Content to let rival Intel lead the way, AMD plans to release Krishna and Wichita accelerated processing units in 2012.

Advanced Micro Devices' latest product roadmap shows that the chipmaker is preparing to enter the emerging market for tablet-style computers, but at the pace of a follower, not a technology leader.

AMD released its roadmap Tuesday during its annual Financial Analyst Day at the company's Sunnyvale, Calif., headquarters. The company's plans, as one would expect, includes processors with more cores, more memory and better performance-per-watt.

But AMD's preparations for the tablet market, which is expected to grow quickly over the next few years, show the company is willing to let Intel lead the way before jumping in with processors that will likely be low-cost workhorses that get the job done without offering too many frills.

"AMD meets market demand, while Intel tries to be the pioneer," Greg Richardson, analyst for Technology Business Research, told InformationWeek.

Rather than be the first to market, AMD plans to release processors for tablets and netbooks in 2012. Code-named Krishna and Wichita, the chips will be based on 28-nanometer technology and will be what AMD calls "accelerated processing units." APUs combine the graphics processor and CPU on the same piece of silicon for better performance.

All AMD processors by the end of 2012 will be based on one of two new core designs, code-named Bulldozer and Bobcat. The former is aimed at high-performance desktops, workstations and servers, while the latter is targeted at PCs that require low-power chips, such as tablets and smaller, lighter laptops. AMD plans to releases its first APUs, which will be based on the new core designs, starting next year.
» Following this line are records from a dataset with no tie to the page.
lemma cyc_pairing_sum:
  "cyc_pairing z (\<lambda>p. \<Sum>n<N. c n * t n p) = (\<Sum>n<N. c n * cyc_pairing z (t n))"
  by (simp add: cyc_pairing_def sum_distrib_left sum.swap[of _ "{..<N}"])

lemma rotate_split:
  assumes "i \<le> length w"
  shows "take (length w - i) (rotate i w) = drop i w \<and> drop (length w - i) (rotate i w) = take i w"
proof (cases "i = length w")
  case False
  with assms have "rotate i w = drop i w @ take i w" by (simp add: rotate_drop_take)
  with assms show ?thesis by simp
qed simp

lemma cyc_coeff_pmul_commute: "cyc_coeff z (pmul a b) = cyc_coeff z (pmul b a)"
proof -
  let ?L = "length z"
  let ?S = "{..<?L} \<times> {..?L}"
  let ?g = "\<lambda>a b (k, i). a (take i (rotate k z)) * b (drop i (rotate k z))"
  let ?h = "\<lambda>(k, i). ((k + i) mod ?L, ?L - i)"
  have as_sum: "cyc_coeff z (pmul a b) = sum (?g a b) ?S" for a b
    by (simp add: cyc_coeff_def pmul_def sum.cartesian_product)
  have swap: "?h p \<in> ?S \<and> ?h (?h p) = p \<and> ?g b a (?h p) = ?g a b p" if p_S: "p \<in> ?S" for p
  proof -
    obtain k i where p: "p = (k, i)" and k: "k < ?L" and i: "i \<le> ?L"
      using p_S by (cases p) auto
    have "((k + i) mod ?L + (?L - i)) mod ?L = (k + i + (?L - i)) mod ?L"
      by (rule mod_add_left_eq)
    also have "\<dots> = k" using i k by simp
    finally have involution: "?h (?h p) = p" using p i by simp
    have "0 < ?L" using k by linarith
    then have maps_to: "?h p \<in> ?S" using p by simp
    have "rotate ((k + i) mod ?L) z = rotate i (rotate k z)"
      by (simp add: rotate_rotate rotate_conv_mod[symmetric] add.commute)
    then have "?g b a (?h p) = ?g a b p"
      using p i rotate_split[of i "rotate k z"] by (simp add: mult.commute)
    with involution maps_to show ?thesis by blast
  qed
  show ?thesis
    unfolding as_sum by (rule sum.reindex_bij_witness[where i = ?h and j = ?h]) (use swap in blast)+
qed

lemma cyc_coeff_pmul_brk: "cyc_coeff z (pmul a (brk b c)) = cyc_coeff z (pmul (brk a b) c)"
proof -
  have "cyc_coeff z (pmul a (pmul c b)) = cyc_coeff z (pmul (pmul b a) c)"
    by (metis pmul_assoc cyc_coeff_pmul_commute)
  then show ?thesis
    unfolding brk_def lin_map_diff[OF lin_map_pmul_left] lin_map_diff[OF lin_map_pmul_right]
    by (simp add: cyc_coeff_diff pmul_assoc)
qed

lemma cyc_pairing_Rel: "s \<in> Rel \<Longrightarrow> cyc_pairing z s = 0"
proof (induction rule: Rel.induct)
  case (Rel_sym a b)
  then show ?case by (simp add: cyc_pairing_diff cyc_pairing_tensor cyc_coeff_pmul_commute)
next
  case (Rel_inv a b c)
  then show ?case by (simp add: cyc_pairing_diff cyc_pairing_tensor cyc_coeff_pmul_brk)
next
  case (Rel_add s t)
  then show ?case by (simp add: cyc_pairing_add)
next
  case (Rel_smult s c)
  then show ?case by (simp add: cyc_pairing_smult)
qed (simp add: cyc_pairing_def)

lemma cyc_coeff_pmul_genX:
  "cyc_coeff z (pmul genX f) = (\<Sum>k<length z. if z ! k then f (tl (rotate k z)) else 0)"
proof (cases z)
  case (Cons b v)
  have "pmul genX f (rotate k z) = (if z ! k then f (tl (rotate k z)) else 0)" if "k < length z" for k
  proof -
    have "rotate k z = hd (rotate k z) # tl (rotate k z)"
      using Cons by simp
    moreover have "hd (rotate k z) = z ! k"
      using Cons that by (simp add: hd_rotate_conv_nth)
    ultimately show ?thesis by (metis genX_eq_letter pmul_letter_Cons)
  qed
  then show ?thesis by (simp add: cyc_coeff_def)
qed (simp add: cyc_coeff_def)

(* The only rotations of x x y^(2n) that start with x are x . (x y^(2n)) and x . (y^(2n) x),
   and both words carry coefficient 1 in ad_y^(2n) x. *)
definition xxy_word :: "nat \<Rightarrow> bool list" where
  "xxy_word n = True # True # replicate (2 * n) False"

lemma cyc_pairing_delta: "cyc_pairing (xxy_word n) (delta m) = (if m = n then 2 else 0)"
proof -
  let ?z = "xxy_word n"
  let ?f = "adyx (2 * m)"
  have "cyc_pairing ?z (delta m) = (\<Sum>k<length ?z. if ?z ! k then ?f (tl (rotate k ?z)) else 0)"
    by (simp only: delta_def cyc_pairing_tensor cyc_coeff_pmul_genX)
  also have "\<dots> = ?f (True # replicate (2 * n) False) + ?f (replicate (2 * n) False @ [True])"
  proof -
    have "(\<Sum>k<2 * n. if ?z ! Suc (Suc k) then ?f (tl (rotate (Suc (Suc k)) ?z)) else 0) = 0"
      by (rule sum.neutral) (simp add: xxy_word_def)
    moreover have "length ?z = Suc (Suc (2 * n))" by (simp add: xxy_word_def)
    ultimately show ?thesis
      by (simp only: sum.lessThan_Suc_shift) (simp add: xxy_word_def rotate1_def)
  qed
  also have "\<dots> = (if m = n then 2 else 0)"
  proof (cases "m = n")
    case False
    have "?f w = 0" if "length w = Suc (2 * n)" for w
      using adyx_support[of "2 * m" w] False that by auto
    then show ?thesis using False by simp
  qed (simp add: adyx_first_coeff adyx_last_coeff)
  finally show ?thesis .
qed

lemma delta_independent:
  assumes "(\<lambda>p. \<Sum>n<N. c n * delta n p) \<in> Rel" "n < N"
  shows "c n = 0"
proof -
  have "0 = cyc_pairing (xxy_word n) (\<lambda>p. \<Sum>m<N. c m * delta m p)"
    using cyc_pairing_Rel[OF assms(1)] by simp
  also have "\<dots> = 2 * c n"
    using assms(2) by (simp add: cyc_pairing_sum cyc_pairing_delta if_distrib cong: if_cong)
  finally show ?thesis by simp
qed

section \<open>Components of Lie elements of low x-degree\<close>

definition xdeg_part :: "nat \<Rightarrow> ncpoly \<Rightarrow> ncpoly" where
  "xdeg_part d f = (\<lambda>w. if xdeg w = d then f w else 0)"

lemma lin_map_xdeg_part: "lin_map (xdeg_part d)"
  by (simp add: lin_map_def xdeg_part_def fun_eq_iff)

lemma xdeg_take_drop: "xdeg (take j w) + xdeg (drop j w) = xdeg w"
  by (metis append_take_drop_id filter_append length_append xdeg_def)

lemma xdeg_part_pmul:
  "xdeg_part d (pmul a b) w = (\<Sum>i\<le>d. pmul (xdeg_part i a) (xdeg_part (d - i) b) w)"
proof -
  have split: "(\<Sum>i\<le>d. (if xdeg u = i then a u else 0) * (if xdeg v = d - i then b v else 0))
      = (if xdeg u + xdeg v = d then a u * b v else 0)" for u v
  proof -
    have "(\<Sum>i\<le>d. (if xdeg u = i then a u else 0) * (if xdeg v = d - i then b v else 0))
        = (\<Sum>i\<le>d. if i = xdeg u then (if xdeg v = d - xdeg u then a u * b v else 0) else 0)"
      by (rule sum.cong) auto
    then show ?thesis by (auto simp: sum.delta)
  qed
  have "(\<Sum>i\<le>d. pmul (xdeg_part i a) (xdeg_part (d - i) b) w)
      = (\<Sum>j\<le>length w. \<Sum>i\<le>d. (if xdeg (take j w) = i then a (take j w) else 0)
          * (if xdeg (drop j w) = d - i then b (drop j w) else 0))"
    by (simp add: pmul_def xdeg_part_def sum.swap[of _ "{..d}"])
  also have "\<dots> = xdeg_part d (pmul a b) w"
    by (simp add: split xdeg_take_drop xdeg_part_def pmul_def)
  finally show ?thesis by simp
qed

lemma xdeg_part_brk:
  "xdeg_part d (brk a b) = (\<lambda>w. \<Sum>i\<le>d. brk (xdeg_part i a) (xdeg_part (d - i) b) w)"
proof
  fix w
  have "(\<Sum>i\<le>d. pmul (xdeg_part i b) (xdeg_part (d - i) a) w)
      = (\<Sum>i\<le>d. pmul (xdeg_part (d - i) b) (xdeg_part i a) w)"
    by (rule sum.reindex_bij_witness[where i = "\<lambda>i. d - i" and j = "\<lambda>i. d - i"]) auto
  moreover have "xdeg_part d (brk a b) w = xdeg_part d (pmul a b) w - xdeg_part d (pmul b a) w"
    by (simp add: xdeg_part_def brk_def)
  ultimately show "xdeg_part d (brk a b) w = (\<Sum>i\<le>d. brk (xdeg_part i a) (xdeg_part (d - i) b) w)"
    by (simp add: xdeg_part_pmul brk_def sum_subtractf)
qed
In the tablet market, AMD will be about a year behind Intel, which goes into production this year on processors based on its next-generation microarchitecture, code-named Sandy Bridge. The new 32-nm design will be the foundation of Intel's second-generation Core processor family and will also be used in tablet-bound chips. Sandy Bridge processors are expected to be available early next year, starting in laptops and desktops.